Dataset entries:

lemma code_rank_mono_exists: "D \<subseteq> vecs S n \<Longrightarrow> \<exists>f. module_mono S n D (code_rank S n D) f"
  unfolding code_rank_def by (rule LeastI_ex) (use module_mono_id in blast)

lemma code_rank_le: "module_mono S n D K f \<Longrightarrow> code_rank S n D \<le> K"
  unfolding code_rank_def by (rule Least_le) blast

lemma vsmult_one:
  assumes "ring S" "a \<in> vecs S m"
  shows "vsmult S m \<one>\<^bsub>S\<^esub> a = a"
proof -
  have "vsmult S m \<one>\<^bsub>S\<^esub> a = restrict a {0..<m}"
    unfolding vsmult_def using assms by (intro restrict_ext) (auto simp: vecs_def PiE_iff ring.ring_simprules)
  then show ?thesis
    using PiE_restrict[OF assms(2)[unfolded vecs_def]] by simp
qed

lemma pad_vec_in_vecs: "ring S \<Longrightarrow> u \<in> vecs S K \<Longrightarrow> pad_vec S K M u \<in> vecs S M"
  by (auto simp: pad_vec_def vecs_def PiE_iff ring.ring_simprules)

lemma pad_vec_inj:
  assumes "u \<in> vecs S K" "v \<in> vecs S K" "K \<le> M" "pad_vec S K M u = pad_vec S K M v"
  shows "u = v"
proof (rule PiE_ext[OF assms(1,2)[unfolded vecs_def]])
  fix k assume "k \<in> {0..<K}"
  then show "u k = v k"
    using fun_cong[OF assms(4), of k] assms(3) by (simp add: pad_vec_def)
qed

lemma pad_vec_vadd:
  "ring S \<Longrightarrow> pad_vec S K M (vadd S K u v) = vadd S M (pad_vec S K M u) (pad_vec S K M v)"
  by (auto simp: pad_vec_def vadd_def ring.ring_simprules intro!: restrict_ext)

lemma pad_vec_vsmult:
  "ring S \<Longrightarrow> s \<in> carrier S \<Longrightarrow> pad_vec S K M (vsmult S K s u) = vsmult S M s (pad_vec S K M u)"
  by (auto simp: pad_vec_def vsmult_def ring.ring_simprules intro!: restrict_ext)

lemma module_mono_pad:
  assumes "ring S" "module_mono S n D K f" "K \<le> M"
  shows "module_mono S n D M (pad_vec S K M \<circ> f)"
proof -
  have f_vecs: "f x \<in> vecs S K" if "x \<in> D" for x
    using assms(2) that by (auto simp: module_mono_def)
  show ?thesis
    unfolding module_mono_def comp_def
  proof (intro conjI ballI)
    show "(\<lambda>x. pad_vec S K M (f x)) \<in> D \<rightarrow> vecs S M"
      using f_vecs pad_vec_in_vecs[OF assms(1)] by blast
    show "inj_on (\<lambda>x. pad_vec S K M (f x)) D"
      using assms(2,3) f_vecs pad_vec_inj unfolding module_mono_def inj_on_def by blast
    fix x y assume "x \<in> D" "y \<in> D"
    then show "pad_vec S K M (f (vadd S n x y)) = vadd S M (pad_vec S K M (f x)) (pad_vec S K M (f y))"
      using assms(2) pad_vec_vadd[OF assms(1)] by (simp add: module_mono_def)
  next
    fix s x assume "s \<in> carrier S" "x \<in> D"
    then show "pad_vec S K M (f (vsmult S n s x)) = vsmult S M s (pad_vec S K M (f x))"
      using assms(2) pad_vec_vsmult[OF assms(1)] by (simp add: module_mono_def)
  qed
qed

lemma module_mono_of_components:
  assumes C: "C \<subseteq> vecs (prod_ring Rs w) n"
    and fs: "\<And>i. i < w \<Longrightarrow> module_mono (Rs i) n (proj_code n i C) M (fs i)"
  shows "module_mono (prod_ring Rs w) n C M (\<lambda>c. vec_of_components w M (\<lambda>i. fs i (proj_vec n i c)))"
    (is "module_mono _ _ _ _ ?F")
proof -
  have proj_in: "proj_vec n i c \<in> proj_code n i C" if "c \<in> C" for c i
    using that by (simp add: proj_code_eq_image)
  have fs_vecs: "fs i (proj_vec n i c) \<in> vecs (Rs i) M" if "c \<in> C" "i < w" for c i
    using fs[OF that(2)] proj_in[OF that(1)] by (auto simp: module_mono_def)
  have proj_F: "proj_vec M i (?F c) = fs i (proj_vec n i c)" if "c \<in> C" "i < w" for c i
    using fs_vecs[OF that] that(2) by (rule proj_vec_of_components)
  show ?thesis
    unfolding module_mono_def
  proof (intro conjI ballI)
    show "?F \<in> C \<rightarrow> vecs (prod_ring Rs w) M"
      using fs_vecs by (blast intro: vec_of_components_in_vecs)
    show "inj_on ?F C"
    proof (rule inj_onI)
      fix c c' assume cc': "c \<in> C" "c' \<in> C" "?F c = ?F c'"
      have "proj_vec n i c = proj_vec n i c'" if i: "i < w" for i
      proof -
        have "fs i (proj_vec n i c) = fs i (proj_vec n i c')"
          using arg_cong[OF cc'(3), of "proj_vec M i"] proj_F cc'(1,2) i by simp
        then show ?thesis
          using fs[OF i] proj_in cc'(1,2) unfolding module_mono_def inj_on_def by blast
      qed
      then show "c = c'"
        using C cc'(1,2) by (blast intro: prod_vec_eqI)
    qed
    fix c c' assume cc': "c \<in> C" "c' \<in> C"
    have "fs i (proj_vec n i (vadd (prod_ring Rs w) n c c')) =
        vadd (Rs i) M (fs i (proj_vec n i c)) (fs i (proj_vec n i c'))" if "i < w" for i
      using fs[OF that] proj_in cc' by (simp add: proj_vec_vadd[OF that] module_mono_def)
    then show "?F (vadd (prod_ring Rs w) n c c') = vadd (prod_ring Rs w) M (?F c) (?F c')"
      unfolding vadd_vec_of_components by (rule vec_of_components_cong)
  next
    fix s c assume sc: "s \<in> carrier (prod_ring Rs w)" "c \<in> C"
    have "fs i (proj_vec n i (vsmult (prod_ring Rs w) n s c)) =
        vsmult (Rs i) M (s i) (fs i (proj_vec n i c))" if "i < w" for i
    proof -
      have "s i \<in> carrier (Rs i)"
        using sc(1) that by (auto simp: prod_ring_def)
      then show ?thesis
        using fs[OF that] proj_in sc(2) by (simp add: proj_vec_vsmult[OF that] module_mono_def)
    qed
    then show "?F (vsmult (prod_ring Rs w) n s c) = vsmult (prod_ring Rs w) M s (?F c)"
      unfolding vsmult_vec_of_components by (rule vec_of_components_cong)
  qed
qed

What you are asked to do: Note each line above that holds "bsub", then copy all of them.

Exercise output:
  shows "vsmult S m \<one>\<^bsub>S\<^esub> a = a"
  have "vsmult S m \<one>\<^bsub>S\<^esub> a = restrict a {0..<m}"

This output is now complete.